Anyway, this post is starting to get way too lengthy, so I’ll write more on this topic in the next few posts. For instance, I’d like to focus on the post-WW2 period, and I’m going to see if I can search out some international data as well. But to recap – based on the simple models provided above, it seems that the optimal top marginal tax rate is somewhere around 30 percentage points greater than the current top marginal rate. The recent agreement to keep the top marginal rate where it is will cost us all through slower economic growth.

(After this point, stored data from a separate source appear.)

lemma rls_step_prob_more_ones:
  assumes "w 1 > 0" "\<forall>i\<in>{1..<n}. w i \<le> w (Suc i)" "ones n x < B" "2 \<le> n"
  shows "real (n - ones n x) / (2 * real n)
    \<le> measure_pmf.prob (rls_step n w B x) {y. ones n x < ones n y}"
proof -
  define S where "S b = {F. F \<subseteq> {1..n} \<and> card F = b}" for b
  define Q where "Q = map_pmf (\<lambda>F i. i \<in> F) (pmf_of_set {1::nat, 2} \<bind> (\<lambda>b. pmf_of_set (S b)))"
  have S_fin: "finite (S b)" for b
    unfolding S_def by (rule finite_subset[of _ "Pow {1..n}"]) auto
  have S_ne: "S b \<noteq> {}" if "b \<le> n" for b
  proof -
    have "{1..b} \<in> S b" using that unfolding S_def by auto
    then show ?thesis by auto
  qed
  have "card (S 1) = n" unfolding S_def using n_subsets[of "{1..n}" 1] by simp
  then have singleton: "pmf (pmf_of_set (S 1)) {j} = 1 / real n" if "j \<in> {1..n}" for j
    using S_fin S_ne assms(4) that by (simp add: S_def)
  have single: "1 / (2 * real n) \<le> pmf Q (\<lambda>i. i = j)" if "j \<in> {1..n}" for j
  proof -
    have "1 / (2 * real n) \<le> (1 / real n + pmf (pmf_of_set (S 2)) {j}) / 2"
      using pmf_nonneg[of "pmf_of_set (S 2)" "{j}"] by (simp add: field_simps)
    also have "\<dots> = (pmf (pmf_of_set (S 1)) {j} + pmf (pmf_of_set (S 2)) {j}) / 2"
      using singleton[OF that] by simp
    also have "\<dots> = pmf (pmf_of_set {1::nat, 2} \<bind> (\<lambda>b. pmf_of_set (S b))) {j}"
      by (simp add: pmf_bind integral_pmf_of_set)
    also have "\<dots> = pmf Q (\<lambda>i. i = j)"
    proof -
      have "inj (\<lambda>F i. i \<in> F)" by (rule injI) (simp add: fun_eq_iff set_eq_iff)
      from pmf_map_inj'[OF this, of "pmf_of_set {1::nat, 2} \<bind> (\<lambda>b. pmf_of_set (S b))" "{j}"]
      show ?thesis unfolding Q_def by simp
    qed
    finally show ?thesis .
  qed
  have "real (n - ones n x) / (2 * real n) = (\<Sum>j | j \<in> {1..n} \<and> \<not> x j. 1 / (2 * real n))"
    using card_zero_bits[of n x] by simp
  also have "\<dots> \<le> (\<Sum>j | j \<in> {1..n} \<and> \<not> x j. pmf Q (\<lambda>i. i = j))"
    using single by (intro sum_mono) auto
  also have "\<dots> \<le> measure_pmf.prob (rls_step n w B x) {y. ones n x < ones n y}"
    unfolding rls_step_eq_map_select_flip[OF assms(4)] Q_def S_def
    by (rule prob_more_ones_ge_single_flips[OF assms(1-3)])
  finally show ?thesis .
qed

theorem lemma2:
  shows "\<exists>C::real. C > 0 \<and> (\<exists>n0::nat. \<forall>n w B x0.
     n \<ge> max 1 n0 \<and> w 1 > 0 \<and> (\<forall>i\<in>{1..<n}. w i \<le> w (Suc i)) \<and>
     1 \<le> B \<and> B \<le> n \<and> (\<forall>i. i \<notin> {1..n} \<longrightarrow> \<not> x0 i) \<longrightarrow>
       exp_hit (ea_step n w B) (\<lambda>x. \<not> feasible n B x) x0 \<le> ennreal C * bound n B \<and>
       exp_hit (rls_step n w B) (\<lambda>x. \<not> feasible n B x) x0 \<le> ennreal C * bound n B)"
proof (intro exI[of _ "3::real"] conjI exI[of _ "2::nat"] allI impI)
  fix n :: nat and w :: "nat \<Rightarrow> real" and B :: nat and x0 :: "nat \<Rightarrow> bool"
  assume "max 1 2 \<le> n \<and> w 1 > 0 \<and> (\<forall>i\<in>{1..<n}. w i \<le> w (Suc i)) \<and>
     1 \<le> B \<and> B \<le> n \<and> (\<forall>i. i \<notin> {1..n} \<longrightarrow> \<not> x0 i)"
  then have n: "2 \<le> n" and w: "w 1 > 0" "\<forall>i\<in>{1..<n}. w i \<le> w (Suc i)" and Bn: "B \<le> n"
    by auto
  have "exp_hit (ea_step n w B) (\<lambda>x. \<not> feasible n B x) x0 \<le> ennreal (exp 1) * bound n B"
    using Bn n
    by (intro exp_hit_infeasible_le_bound ones_ge_on_ea_step[OF w] ea_step_prob_more_ones[OF w]) auto
  also have "\<dots> \<le> ennreal 3 * bound n B"
    using exp_le by (intro mult_right_mono ennreal_leI) auto
  finally show "exp_hit (ea_step n w B) (\<lambda>x. \<not> feasible n B x) x0 \<le> ennreal 3 * bound n B" .
  have "exp_hit (rls_step n w B) (\<lambda>x. \<not> feasible n B x) x0 \<le> ennreal 2 * bound n B"
    using Bn n
    by (intro exp_hit_infeasible_le_bound ones_ge_on_rls_step[OF w] rls_step_prob_more_ones[OF w]) auto
  also have "\<dots> \<le> ennreal 3 * bound n B"
    by (intro mult_right_mono ennreal_leI) auto
  finally show "exp_hit (rls_step n w B) (\<lambda>x. \<not> feasible n B x) x0 \<le> ennreal 3 * bound n B" .
qed (simp)
(* For every regular language $L\subseteq\Sigma^*$, there is an isomorphism of $\mathbf{JSL}$-dfas $\mathcal{P}(\mathrm{minDfa}(L^r))\cong[\mathrm{BLQ}(L)]^{\mathsf{op}}$ given by \[\{w_1^{-1}L^r,\ldots,w_n^{-1}L^r\}\mapsto\bigcap_{i=1}^n\overline{\mathrm{At}(w_i^r)},\] where $\mathrm{At}(x)$ is the unique atom of the boolean algebra $\mathrm{BLQ}(L)$ containing the word $x$.
   Context: $u^{-1}L=\{w:uw\in L\}$; $w^r$ is the reversal of $w$ and $L^r=\{w^r:w\in L\}$; $\overline{K}=\Sigma^*\setminus K$. $\mathrm{BLQ}(L)$ is the boolean subalgebra of $\mathcal{P}(\Sigma^* )$ generated by all left derivatives $u^{-1}L$ (finite when $L$ is regular), viewed as a $\mathbf{JSL}$-dfa with order $\subseteq$, transitions $K\mapsto a^{-1}K$, initial state $L$, final states the $K$ with $\epsilon\in K$. The minimal dfa $\mathrm{minDfa}(L^r)$ has states $\{v^{-1}L^r:v\in\Sigma^*\}$, transitions $K\mapsto a^{-1}K$, initial state $L^r$, final states those containing $\epsilon$. For a (deterministic or nondeterministic) finite automaton $N$ with state set $Q$, $\mathcal{P}(N)$ is the $\mathbf{JSL}$-dfa with states $(\mathcal{P}(Q),\cup)$, transitions $X\mapsto\delta_a[X]$, initial state the set of initial states, final states the subsets meeting the final states. A $\mathbf{JSL}$-dfa is a finite semilattice with join-preserving transitions $\delta_a$, an initial state $s_0$ and final states $\{s:s\not\le s_f\}$ for some $s_f$; morphisms are join-preserving maps preserving transitions, initial and final states (both ways). The dual $A^{\mathsf{op}}$ has the reversed order, transitions $\delta^*_a(s)=$ largest $t$ with $\delta_a(t)\le s$, initial state the largest non-final state of $A$, final states $\{s:s_0\not\le s\}$. *)

theory Defs
  imports Main
begin
lemma ae_bounded_birkhoff_sum_h_seq:
  assumes k: "1 \<le> k"
  shows "ae_bounded M (birkhoff_sum T n (h_seq \<alpha> T f k))"
proof -
  note Tn = measurable_compose_n[OF T_measurable]
  have "ae_bounded M (\<lambda>x. f k ((T^^i) x))" for i
    unfolding ae_bounded_def
  proof
    show "(\<lambda>x. f k ((T^^i) x)) \<in> borel_measurable M" using Tn[of i] by measurable
    show "\<exists>B. AE x in M. \<bar>f k ((T^^i) x)\<bar> \<le> B"
      using AE_f_funpow_range[OF k] by (intro exI[of _ "4^k"]) (auto elim!: eventually_mono)
  qed
  then have "ae_bounded M (cesaro_potential \<alpha> T f k)"
    unfolding cesaro_potential_def[abs_def] birkhoff_sum_def by (intro ae_bounded_cmult ae_bounded_sum)
  moreover have "0 < Dseq \<alpha> k" using alpha by (intro Dseq_pos) simp
  then have "birkhoff_sum T n (h_seq \<alpha> T f k)
      = (\<lambda>x. cesaro_potential \<alpha> T f k x - cesaro_potential \<alpha> T f k ((T^^n) x))"
    by (intro ext birkhoff_sum_h_seq_eq)
  ultimately show ?thesis
    by (simp only:) (intro ae_bounded_diff ae_bounded_compose[OF Tn distr_T_funpow])
qed

lemma integral_abs_birkhoff_sum_h_seq_le:
  assumes C: "\<And>k. 1 \<le> k \<Longrightarrow> (\<integral>x. (birkhoff_sum T n (h_seq \<alpha> T f k) x)^2 \<partial>M) \<le> C * 16^k / real k"
    and k: "1 \<le> k"
  shows "(\<integral>x. \<bar>birkhoff_sum T n (h_seq \<alpha> T f k) x\<bar> \<partial>M) \<le> sqrt C * (4^k / sqrt (real k))"
proof -
  have S: "ae_bounded M (birkhoff_sum T n (h_seq \<alpha> T f k))"
    by (rule ae_bounded_birkhoff_sum_h_seq[OF k])
  have fin: "finite_measure M" using prob_space_M by (rule prob_space.finite_measure)
  have "(\<integral>x. \<bar>birkhoff_sum T n (h_seq \<alpha> T f k) x\<bar> \<partial>M) \<le> sqrt (\<integral>x. (birkhoff_sum T n (h_seq \<alpha> T f k) x)^2 \<partial>M)"
    by (intro integral_abs_le_sqrt_integral_sq prob_space_M ae_bounded_integrable[OF fin]
        S ae_bounded_power2)
  also have "\<dots> \<le> sqrt (C * 16^k / real k)"
    by (intro real_sqrt_le_mono C k)
  also have "(16::real)^k = (4^k)^2"
    by (simp add: power2_eq_square flip: power_mult_distrib)
  then have "sqrt ((16::real)^k) = 4^k" by simp
  then have "sqrt (C * 16^k / real k) = sqrt C * (4^k / sqrt (real k))"
    by (simp add: real_sqrt_mult real_sqrt_divide)
  finally show ?thesis .
qed

lemma integral_abs_normalized_sum_le:
  assumes C: "0 \<le> C" "\<And>k. 1 \<le> k \<Longrightarrow> (\<integral>x. (birkhoff_sum T n (h_seq \<alpha> T f k) x)^2 \<partial>M) \<le> C * 16^k / real k"
    and n: "1 \<le> n" and N: "N = nat \<lfloor>log 2 (real n) / (2 * \<alpha>)\<rfloor>" "1 \<le> N"
  shows "(\<integral>x. \<bar>real n powr (-1 / \<alpha>) * (\<Sum>k\<in>{1..N}. birkhoff_sum T n (h_seq \<alpha> T f k) x)\<bar> \<partial>M)
           \<le> 2 * sqrt C / sqrt (real N)"
proof -
  define S where "S k = birkhoff_sum T n (h_seq \<alpha> T f k)" for k
  define c where "c = real n powr (-1 / \<alpha>)"
  have fin: "finite_measure M" using prob_space_M by (rule prob_space.finite_measure)
  have bS: "ae_bounded M (S k)" if "k \<in> {1..N}" for k
    unfolding S_def using that by (intro ae_bounded_birkhoff_sum_h_seq) auto
  have c0: "0 \<le> c" unfolding c_def by simp
  have "(\<integral>x. \<bar>c * (\<Sum>k\<in>{1..N}. S k x)\<bar> \<partial>M) \<le> (\<integral>x. c * (\<Sum>k\<in>{1..N}. \<bar>S k x\<bar>) \<partial>M)"
  proof (rule integral_mono)
    show "integrable M (\<lambda>x. \<bar>c * (\<Sum>k\<in>{1..N}. S k x)\<bar>)"
      by (intro ae_bounded_integrable[OF fin] ae_bounded_abs ae_bounded_cmult ae_bounded_sum bS)
    show "integrable M (\<lambda>x. c * (\<Sum>k\<in>{1..N}. \<bar>S k x\<bar>))"
      by (intro ae_bounded_integrable[OF fin] ae_bounded_cmult ae_bounded_sum ae_bounded_abs bS)
    show "\<bar>c * (\<Sum>k\<in>{1..N}. S k x)\<bar> \<le> c * (\<Sum>k\<in>{1..N}. \<bar>S k x\<bar>)" for x
      using c0 by (simp add: abs_mult mult_left_mono sum_abs)
  qed
  also have "\<dots> = c * (\<Sum>k\<in>{1..N}. \<integral>x. \<bar>S k x\<bar> \<partial>M)"
    using bS by (simp add: ae_bounded_integrable[OF fin] ae_bounded_abs Bochner_Integration.integral_sum)
  also have "\<dots> \<le> c * (\<Sum>k\<in>{1..N}. sqrt C * (4^k / sqrt (real k)))"
    unfolding S_def using c0 by (intro mult_left_mono sum_mono integral_abs_birkhoff_sum_h_seq_le C) auto
  also have "\<dots> \<le> c * sqrt C * (2 * 4^N / sqrt (real N))"
    using c0 C N by (simp only: sum_distrib_left[symmetric] mult.assoc)
      (intro mult_left_mono sum_four_pow_div_sqrt_le, auto)
  also have "\<dots> \<le> c * sqrt C * (2 * real n powr (1 / \<alpha>) / sqrt (real N))"
    using c0 C N alpha four_pow_nat_floor_log_le[of \<alpha> n] n
    by (intro mult_left_mono divide_right_mono) auto
  also have "\<dots> = 2 * sqrt C / sqrt (real N)"
    using n by (simp add: c_def powr_add[symmetric])
  finally show ?thesis unfolding S_def c_def .
qed

lemma prob_normalized_sum_gt_le:
  assumes C: "0 \<le> C" "\<And>k. 1 \<le> k \<Longrightarrow> (\<integral>x. (birkhoff_sum T n (h_seq \<alpha> T f k) x)^2 \<partial>M) \<le> C * 16^k / real k"
    and n: "1 \<le> n" and N: "1 \<le> nat \<lfloor>log 2 (real n) / (2 * \<alpha>)\<rfloor>" and e: "0 < \<epsilon>"
  shows "measure M {x \<in> space M. \<bar>real n powr (-1 / \<alpha>) *
           (\<Sum>k\<in>{k. 1 \<le> k \<and> real k \<le> log 2 (real n) / (2 * \<alpha>)}. birkhoff_sum T n (h_seq \<alpha> T f k) x) - 0\<bar> > \<epsilon>}
         \<le> 2 * sqrt C / \<epsilon> / sqrt (real (nat \<lfloor>log 2 (real n) / (2 * \<alpha>)\<rfloor>))"
proof -
  define N where "N = nat \<lfloor>log 2 (real n) / (2 * \<alpha>)\<rfloor>"
  define Y where "Y x = real n powr (-1 / \<alpha>) * (\<Sum>k\<in>{1..N}. birkhoff_sum T n (h_seq \<alpha> T f k) x)" for x
  have fin: "finite_measure M" using prob_space_M by (rule prob_space.finite_measure)
  have bY: "ae_bounded M (\<lambda>x. \<bar>Y x\<bar>)"
    unfolding Y_def by (intro ae_bounded_abs ae_bounded_cmult ae_bounded_sum ae_bounded_birkhoff_sum_h_seq) auto
  have "measure M {x \<in> space M. \<bar>Y x - 0\<bar> > \<epsilon>} \<le> measure M {x \<in> space M. \<epsilon> \<le> \<bar>Y x\<bar>}"
    using bY unfolding ae_bounded_def by (intro finite_measure.finite_measure_mono[OF fin]) auto
  also have "\<dots> \<le> (\<integral>x. \<bar>Y x\<bar> \<partial>M) / \<epsilon>"
    using ae_bounded_integrable[OF fin bY] e by (intro integral_Markov_inequality_measure[where A="space M"]) auto
  also have "\<dots> \<le> 2 * sqrt C / sqrt (real N) / \<epsilon>"
    unfolding Y_def using C n N e by (intro divide_right_mono integral_abs_normalized_sum_le) (auto simp: N_def)
  finally show ?thesis
    unfolding Collect_le_real_eq_atLeastAtMost by (simp add: Y_def N_def field_simps)
qed

end

theorem lemma5p6:
  fixes M :: "'a measure" and T :: "'a \<Rightarrow> 'a"
    and P :: "'b measure" and X :: "nat \<Rightarrow> nat \<Rightarrow> 'b \<Rightarrow> real"
    and f :: "nat \<Rightarrow> 'a \<Rightarrow> real" and \<alpha> :: real
  assumes sys: "ergodic_aperiodic_pps M T"
    and alpha: "1 < \<alpha>" "\<alpha> < 2"
    and P: "prob_space P"
    and indep: "prob_space.indep_vars P (\<lambda>_. borel) (\<lambda>(k, m). X k m) {(k, m). 1 \<le> k \<and> 1 \<le> m}"
    and laws: "\<And>k m. 1 \<le> k \<Longrightarrow> 1 \<le> m \<Longrightarrow> has_stable_law P (X k m) \<alpha> (real k powr (-1 / \<alpha>)) 1 0"
    and adm: "admissible M T P X f"
  shows "tendsto_in_prob M
           (\<lambda>n x. real n powr (-1 / \<alpha>) *
              (\<Sum>k\<in>{k. 1 \<le> k \<and> real k \<le> log 2 (real n) / (2 * \<alpha>)}. birkhoff_sum T n (h_seq \<alpha> T f k) x)) 0"
proof -
  interpret admissible_stable_system M T P X f \<alpha>
    by (rule admissible_stable_system.intro[OF sys alpha P indep laws adm])
  obtain C where C: "0 \<le> C"
    "\<And>k n. 1 \<le> k \<Longrightarrow> (\<integral>x. (birkhoff_sum T n (h_seq \<alpha> T f k) x)^2 \<partial>M) \<le> C * 16^k / real k"
    using birkhoff_sum_h_seq_second_moment_le by blast
  define N where "N n = real (nat \<lfloor>log 2 (real n) / (2 * \<alpha>)\<rfloor>)" for n :: nat
  have N: "filterlim N at_top sequentially"
    unfolding N_def using alpha by (intro filterlim_nat_floor_log_at_top) simp
  show ?thesis
  proof (rule tendsto_in_prob_if_eventually_le[where g="\<lambda>\<epsilon> n. 2 * sqrt C / \<epsilon> / sqrt (N n)"])
    show "(\<lambda>n. 2 * sqrt C / \<epsilon> / sqrt (N n)) \<longlonglongrightarrow> 0" for \<epsilon>
      by (intro tendsto_divide_0[OF tendsto_const] filterlim_at_top_imp_at_infinity
          filterlim_compose[OF sqrt_at_top N])
    have "eventually (\<lambda>n. 1 \<le> N n) sequentially"
      using N by (simp add: filterlim_at_top)
    then have "eventually (\<lambda>n. 1 \<le> n \<and> 1 \<le> N n) sequentially"
      by (intro eventually_conj eventually_ge_at_top)
    then show "eventually (\<lambda>n. measure M {x \<in> space M. \<bar>real n powr (-1 / \<alpha>) *
          (\<Sum>k\<in>{k. 1 \<le> k \<and> real k \<le> log 2 (real n) / (2 * \<alpha>)}. birkhoff_sum T n (h_seq \<alpha> T f k) x) - 0\<bar> > \<epsilon>}
        \<le> 2 * sqrt C / \<epsilon> / sqrt (N n)) sequentially" if "0 < \<epsilon>" for \<epsilon>
      by eventually_elim (use prob_normalized_sum_gt_le[OF C _ _ that] in \<open>simp add: N_def\<close>)
  qed
qed

end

As always, if you want my spreadsheet, drop me a line. I’m at my name, with a period between the mike and my last name, all at gmail.com.

It occurs to me that I should probably explain why I used taxes at time t to explain growth from t to t+1, rather than using taxes at time t+1. (E.g., taxes in 1974 are used to explain growth from 1974 to 1975, and not to explain growth from 1973 to 1974.) Some might argue, after all, that that taxes affect growth that year, and not in the following year. There are several reasons I made the choice I did:

1. When changes to the tax code affecting a given year are made, they are typically made well after the start of the year they affect.

2. Most people don’t settle up on taxes owed in one year until the next year. (Taxes are due in April.)

3. Causation – I wanted to make sure I did not set up a model explaining tax rates using growth rather than the other way around.

4. It works better. For giggles, before I wrote this line, I checked. The fit is actually better, and the significance of the explanatory variables is a bit higher the way I did it.